Your goal — When a line in the entries below contains the word "induction", copy that line.

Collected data
--- START ---

(* Assume $\delta>d$. Then for every $(z,w)\in A_p\times\mathbb{C}$, $$\limsup_{n\to\infty}\frac{1}{\delta^n}\log^+|Q_z^n(w)|\;\le\;\alpha\, G_p(z).$$
   Context: Let $p(z)=z^\delta+O(z^{\delta-1})$ be a monic polynomial of degree $\delta\ge 2$, and let $q(z,w)=b(z)w^d+(\text{terms of lower degree in } w)$ be a polynomial with $d=\deg_w q\ge 2$, where $b$ is a monic polynomial of degree $\gamma\ge 0$. Let $f(z,w)=(p(z),q(z,w))$ (a polynomial skew product). Write $q_z(w)=q(z,w)$ and $Q_z^n=q_{p^{n-1}(z)}\circ\cdots\circ q_{p(z)}\circ q_z$, so that $f^n(z,w)=(p^n(z),Q_z^n(w))$. Let $A_p=\{z\in\mathbb{C}: p^n(z)\to\infty\}$ and $G_p(z)=\lim_{n\to\infty}\delta^{-n}\log^+|p^n(z)|$ (the Green function of $p$). For $\delta>d$, define the rational number $$\alpha=\max\Big\{\frac{n_j}{\delta-m_j}\;:\; z^{n_j}w^{m_j}\text{ is a monomial appearing in } q \text{ with nonzero coefficient}\Big\}\ \ (\ge 0).$$ *)

theory Defs
  imports "HOL-Analysis.Analysis" "HOL-Computational_Algebra.Polynomial" "HOL-Library.Liminf_Limsup"
begin

text \<open>A polynomial q(z,w) in two variables is represented as a polynomial in w whose
  coefficients are polynomials in z: type complex poly poly.
  The coefficient of z^n w^m is coeff (coeff q m) n.\<close>

definition qeval :: "complex poly poly \<Rightarrow> complex \<Rightarrow> complex \<Rightarrow> complex" where
  "qeval q z w = (\<Sum>j\<le>degree q. poly (coeff q j) z * w ^ j)"

fun Qiter :: "complex poly \<Rightarrow> complex poly poly \<Rightarrow> nat \<Rightarrow> complex \<Rightarrow> complex \<Rightarrow> complex" where
  "Qiter p q 0 z w = w"
| "Qiter p q (Suc n) z w = Qiter p q n (poly p z) (qeval q z w)"

definition logplus :: "real \<Rightarrow> real" where
  "logplus x = (if x \<le> 1 then 0 else ln x)"

definition escape_set :: "complex poly \<Rightarrow> complex set" where
  "escape_set p = {z. filterlim (\<lambda>n. norm ((poly p ^^ n) z)) at_top sequentially}"

definition green :: "complex poly \<Rightarrow> complex \<Rightarrow> real" where
  "green p z = lim (\<lambda>n. logplus (norm ((poly p ^^ n) z)) / real (degree p) ^ n)"

definition alpha_exp :: "complex poly \<Rightarrow> complex poly poly \<Rightarrow> real" where
  "alpha_exp p q = Max {real n / (real (degree p) - real m) | n m. coeff (coeff q m) n \<noteq> 0}"

end

theory Submission imports Defs begin

(* Write r k = log+ |p^k(z)| and u k = log+ |Q^k_z(w)|.  Two estimates drive the proof:
   (1) for a monic p of degree delta, log+ |p(z)| = delta log+ |z| + O(1) for large |z|;
       along an escaping orbit this gives |r (k+1) - delta r k| <= K, hence
       r k / delta^k converges, namely to the Green function G_p(z);
   (2) by the definition of alpha, every monomial z^n w^m of q satisfies
       n log+|z| + m log+|w| <= alpha delta log+|z| + d max(0, log+|w| - alpha log+|z|),
       hence u (k+1) <= C + alpha delta r k + d max(0, u k - alpha r k).
   The excess v k = max(0, u k - alpha r k) then obeys v (k+1) <= C' + d v k, so it grows
   at most like k d^k, which is o(delta^k); thus u k / delta^k <= alpha r k / delta^k + o(1). *)

section \<open>Real sequences with controlled growth\<close>

text \<open>If \<open>r (k+1)\<close> differs from \<open>\<delta> r k\<close> by a bounded amount, then \<open>r k / \<delta>^k\<close> converges:
  its increments are bounded by a geometric series. This yields existence of the Green function.\<close>
lemma convergent_div_power_of_bounded_defect:
  fixes r :: "nat \<Rightarrow> real" and \<delta> K :: real
  assumes \<delta>: "\<delta> > 1" and defect: "\<And>k. k \<ge> N \<Longrightarrow> \<bar>r (Suc k) - \<delta> * r k\<bar> \<le> K"
  shows "convergent (\<lambda>n. r n / \<delta> ^ n)"
proof -
  define t where "t n = r (n + N) / \<delta> ^ (n + N)" for n
  have K0: "K \<ge> 0" using defect[of N] by linarith
  have increment: "norm (t (Suc n) - t n) \<le> K * (1/\<delta>) ^ n" for n
  proof -
    have "t (Suc n) - t n = (r (Suc (n+N)) - \<delta> * r (n+N)) / \<delta> ^ Suc (n + N)"
      unfolding t_def using \<delta> by (simp add: field_simps)
    hence "norm (t (Suc n) - t n) = \<bar>r (Suc (n+N)) - \<delta> * r (n+N)\<bar> / \<delta> ^ Suc (n + N)"
      using \<delta> by simp
    also have "\<dots> \<le> K / \<delta> ^ Suc (n + N)"
      using defect[of "n+N"] \<delta> by (intro divide_right_mono) auto
    also have "\<dots> \<le> K / \<delta> ^ n"
      using \<delta> K0 by (intro divide_left_mono power_increasing) auto
    finally show ?thesis by (simp add: power_divide)
  qed
  have "summable (\<lambda>n. K * (1/\<delta>) ^ n)" using \<delta> by (intro summable_mult summable_geometric) auto
  hence "summable (\<lambda>n. t (Suc n) - t n)"
    by (rule summable_comparison_test[rotated]) (use increment in auto)
  from summable_LIMSEQ[OF this] have "(\<lambda>n. t n - t 0) \<longlonglongrightarrow> (\<Sum>n. t (Suc n) - t n)"
    by (simp add: sum_lessThan_telescope)
  hence "(\<lambda>n. (t n - t 0) + t 0) \<longlonglongrightarrow> (\<Sum>n. t (Suc n) - t n) + t 0"
    by (intro tendsto_add) auto
  hence "(\<lambda>n. r (n + N) / \<delta> ^ (n + N)) \<longlonglongrightarrow> (\<Sum>n. t (Suc n) - t n) + t 0"
    by (simp add: t_def)
  hence "(\<lambda>n. r n / \<delta> ^ n) \<longlonglongrightarrow> (\<Sum>n. t (Suc n) - t n) + t 0"
    by (rule LIMSEQ_offset)
  thus ?thesis by (rule convergentI)
qed

lemma affine_recursion_bound:
  fixes v :: "nat \<Rightarrow> real" and C d :: real
  assumes "d \<ge> 1" "C \<ge> 0" and step: "\<And>k. k \<ge> N \<Longrightarrow> v (Suc k) \<le> C + d * v k"
  shows "v (N + k) \<le> (v N + C * k) * d ^ k"
proof (induction k)
  case 0 then show ?case by simp
next
  case (Suc k)
  have "v (N + Suc k) \<le> C + d * v (N + k)" using step[of "N+k"] by simp
  also have "\<dots> \<le> C + d * ((v N + C * k) * d ^ k)"
    using Suc assms(1) by (intro add_left_mono mult_left_mono) auto
  also have "\<dots> \<le> C * d ^ Suc k + (v N + C * k) * d ^ Suc k"
    using assms(1,2) one_le_power[of d "Suc k"] by (simp add: mult_le_cancel_left1)
  also have "\<dots> = (v N + C * Suc k) * d ^ Suc k" by (simp add: algebra_simps)
  finally show ?case .
qed

lemma affine_recursion_div_power_tendsto_0:
  fixes v :: "nat \<Rightarrow> real" and C d \<delta> :: real
  assumes "\<delta> > d" "d \<ge> 1" "C \<ge> 0" and v0: "\<And>k. v k \<ge> 0"
    and step: "\<And>k. k \<ge> N \<Longrightarrow> v (Suc k) \<le> C + d * v k"
  shows "(\<lambda>k. v k / \<delta> ^ k) \<longlonglongrightarrow> 0"
proof -
  define \<rho> where "\<rho> = d / \<delta>"
  have \<delta>: "\<delta> > 0" using assms by simp
  have \<rho>: "0 \<le> \<rho>" "\<rho> < 1" unfolding \<rho>_def using assms by auto
  define bound where "bound k = (v N * \<rho> ^ k + C * (real k * \<rho> ^ k)) / \<delta> ^ N" for k
  have "bound \<longlonglongrightarrow> (v N * 0 + C * 0) / \<delta> ^ N"
    unfolding bound_def using \<rho> \<delta> by (intro tendsto_intros powser_times_n_limit_0 LIMSEQ_power_zero) auto
  hence bound_0: "bound \<longlonglongrightarrow> 0" by simp
  have below_bound: "v (k + N) / \<delta> ^ (k + N) \<le> bound k" for k
  proof -
    have "v (k + N) / \<delta> ^ (k + N) \<le> (v N + C * k) * d ^ k / \<delta> ^ (k + N)"
      using affine_recursion_bound[where v=v and N=N and k=k, OF assms(2,3) step] \<delta>
      by (intro divide_right_mono) (auto simp: add.commute)
    also have "\<dots> = bound k"
      unfolding bound_def \<rho>_def using \<delta> by (simp add: power_add field_simps)
    finally show ?thesis .
  qed
  have "(\<lambda>k. v (k + N) / \<delta> ^ (k + N)) \<longlonglongrightarrow> 0"
    by (rule real_tendsto_sandwich[OF _ _ tendsto_const bound_0])
       (use v0 \<delta> below_bound in auto)
  thus ?thesis by (rule LIMSEQ_offset)
qed

text \<open>The excess \<open>max 0 (u k - \<alpha> r k)\<close> satisfies an affine recursion.\<close>
lemma limsup_div_power_le:
  fixes r u :: "nat \<Rightarrow> real" and \<delta> d K C \<alpha> G :: real
  assumes "\<delta> > d" "d \<ge> 1" "C \<ge> 0"
    and defect: "\<And>k. k \<ge> N \<Longrightarrow> \<bar>r (Suc k) - \<delta> * r k\<bar> \<le> K"
    and u_step: "\<And>k. k \<ge> N \<Longrightarrow> u (Suc k) \<le> C + \<alpha> * \<delta> * r k + d * max 0 (u k - \<alpha> * r k)"
    and G: "(\<lambda>n. r n / \<delta> ^ n) \<longlonglongrightarrow> G"
  shows "limsup (\<lambda>n. ereal (u n / \<delta> ^ n)) \<le> ereal (\<alpha> * G)"
proof -
  define v where "v k = max 0 (u k - \<alpha> * r k)" for k
  define C' where "C' = C + \<bar>\<alpha>\<bar> * K"
  have C': "C' \<ge> 0" unfolding C'_def using assms(3) defect[of N] by simp
  have v_step: "v (Suc k) \<le> C' + d * v k" if "k \<ge> N" for k
  proof -
    have "\<alpha> * (\<delta> * r k - r (Suc k)) \<le> \<bar>\<alpha>\<bar> * \<bar>r (Suc k) - \<delta> * r k\<bar>"
      by (metis abs_ge_self abs_minus_commute abs_mult)
    also have "\<dots> \<le> \<bar>\<alpha>\<bar> * K" using defect[OF that] by (intro mult_left_mono) auto
    finally have "u (Suc k) - \<alpha> * r (Suc k) \<le> C' + d * v k"
      using u_step[OF that] unfolding C'_def v_def by (simp add: algebra_simps)
    moreover have "0 \<le> C' + d * v k" using C' assms(2) unfolding v_def by simp
    ultimately show ?thesis unfolding v_def by simp
  qed
  have "v k \<ge> 0" for k unfolding v_def by simp
  hence "(\<lambda>k. v k / \<delta> ^ k) \<longlonglongrightarrow> 0"
    by (rule affine_recursion_div_power_tendsto_0[where v=v, OF assms(1,2) C' _ v_step])
  hence "(\<lambda>n. \<alpha> * (r n / \<delta> ^ n) + v n / \<delta> ^ n) \<longlonglongrightarrow> \<alpha> * G + 0"
    by (intro tendsto_intros G)
  hence majorant: "(\<lambda>n. ereal (\<alpha> * (r n / \<delta> ^ n) + v n / \<delta> ^ n)) \<longlonglongrightarrow> ereal (\<alpha> * G)"
    by simp
  have "limsup (\<lambda>n. ereal (u n / \<delta> ^ n)) \<le> limsup (\<lambda>n. ereal (\<alpha> * (r n / \<delta> ^ n) + v n / \<delta> ^ n))"
  proof (intro Limsup_mono always_eventually allI)
    fix n
    have "u n \<le> \<alpha> * r n + v n" unfolding v_def by simp
    hence "u n / \<delta> ^ n \<le> (\<alpha> * r n + v n) / \<delta> ^ n" using assms(1,2) by (intro divide_right_mono) auto
    thus "ereal (u n / \<delta> ^ n) \<le> ereal (\<alpha> * (r n / \<delta> ^ n) + v n / \<delta> ^ n)"
      by (simp add: add_divide_distrib)
  qed
  also have "\<dots> = ereal (\<alpha> * G)" by (rule lim_imp_Limsup[OF _ majorant]) simp
  finally show ?thesis .
qed

section \<open>Estimates for the skew product\<close>

lemma Qiter_Suc_last: "Qiter p q (Suc n) z w = qeval q ((poly p ^^ n) z) (Qiter p q n z w)"
proof (induction n arbitrary: z w)
  case 0 then show ?case by simp
next
  case (Suc n)
  have "Qiter p q (Suc (Suc n)) z w = Qiter p q (Suc n) (poly p z) (qeval q z w)" by simp
  also have "\<dots> = qeval q ((poly p ^^ n) (poly p z)) (Qiter p q n (poly p z) (qeval q z w))"
    by (rule Suc)
  also have "\<dots> = qeval q ((poly p ^^ Suc n) z) (Qiter p q (Suc n) z w)"
    by (simp add: funpow_swap1)
  finally show ?case .
qed

lemma logplus_eq_ln_max: "x \<ge> 0 \<Longrightarrow> logplus x = ln (max 1 x)"
  unfolding logplus_def by auto

lemma logplus_nonneg: "logplus x \<ge> 0"
  unfolding logplus_def by auto

lemma max_1_eq_exp_logplus: "x \<ge> 0 \<Longrightarrow> max 1 x = exp (logplus x)"
  by (simp add: logplus_eq_ln_max)

lemma monic_poly_norm_bounds:
  fixes p :: "'a::{real_normed_field} poly"
  assumes "degree p \<ge> 1" "lead_coeff p = 1"
  obtains R A where "A \<ge> 1" "\<And>z. norm z \<ge> R \<Longrightarrow>
      norm z \<ge> 2 \<and> norm z ^ degree p / 2 \<le> norm (poly p z) \<and> norm (poly p z) \<le> A * norm z ^ degree p"
proof -
  define n where "n = degree p"
  define B where "B = (\<Sum>i<n. norm (coeff p i))"
  have B0: "B \<ge> 0" unfolding B_def by (simp add: sum_nonneg)
  have n1: "n \<ge> 1" using assms n_def by simp
  define tail where "tail z = (\<Sum>i<n. coeff p i * z ^ i)" for z
  have split: "poly p z = z ^ n + tail z" for z
  proof -
    have "poly p z = (\<Sum>i<Suc n. coeff p i * z ^ i)"
      unfolding poly_altdef n_def by (simp add: lessThan_Suc_atMost)
    thus ?thesis using assms(2) unfolding tail_def n_def by simp
  qed
  have bounds: "norm z \<ge> 2 \<and> norm z ^ n / 2 \<le> norm (poly p z) \<and> norm (poly p z) \<le> (1 + B) * norm z ^ n"
    if zR: "norm z \<ge> 2 + 2 * B" for z
  proof -
    have z2: "norm z \<ge> 2" using zR B0 by simp
    have "norm (tail z) \<le> (\<Sum>i<n. norm (coeff p i) * norm z ^ i)"
      unfolding tail_def by (rule order.trans[OF norm_sum]) (simp add: norm_mult norm_power)
    also have "\<dots> \<le> (\<Sum>i<n. norm (coeff p i) * norm z ^ (n - 1))"
      using z2 by (intro sum_mono mult_left_mono power_increasing) auto
    also have "\<dots> = B * norm z ^ (n - 1)" unfolding B_def by (simp add: sum_distrib_right)
    finally have tail_le: "norm (tail z) \<le> B * norm z ^ (n - 1)" .
    have zn: "norm z ^ n = norm z * norm z ^ (n - 1)" using n1 by (simp add: power_eq_if)
    have "2 * B * norm z ^ (n - 1) \<le> norm z * norm z ^ (n - 1)"
      using zR by (intro mult_right_mono) auto
    hence small_tail: "norm (tail z) \<le> norm z ^ n / 2" using tail_le zn by simp
    have "B * norm z ^ (n - 1) \<le> B * norm z ^ n"
      using z2 B0 by (intro mult_left_mono power_increasing) auto
    hence "norm (tail z) \<le> B * norm z ^ n" using tail_le by linarith
    hence upper: "norm (poly p z) \<le> (1 + B) * norm z ^ n"
      unfolding split using norm_triangle_ineq[of "z ^ n" "tail z"] by (simp add: norm_power algebra_simps)
    have "norm z ^ n - norm (tail z) \<le> norm (poly p z)"
      unfolding split using norm_triangle_ineq2[of "z ^ n" "- tail z"] by (simp add: norm_power)
    thus ?thesis using small_tail upper z2 by simp
  qed
  show ?thesis by (rule that[of "1 + B" "2 + 2 * B"]) (use B0 bounds n_def in auto)
qed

--- END ---

Reply to the task —
proof (induction k)
proof (induction n arbitrary: z w)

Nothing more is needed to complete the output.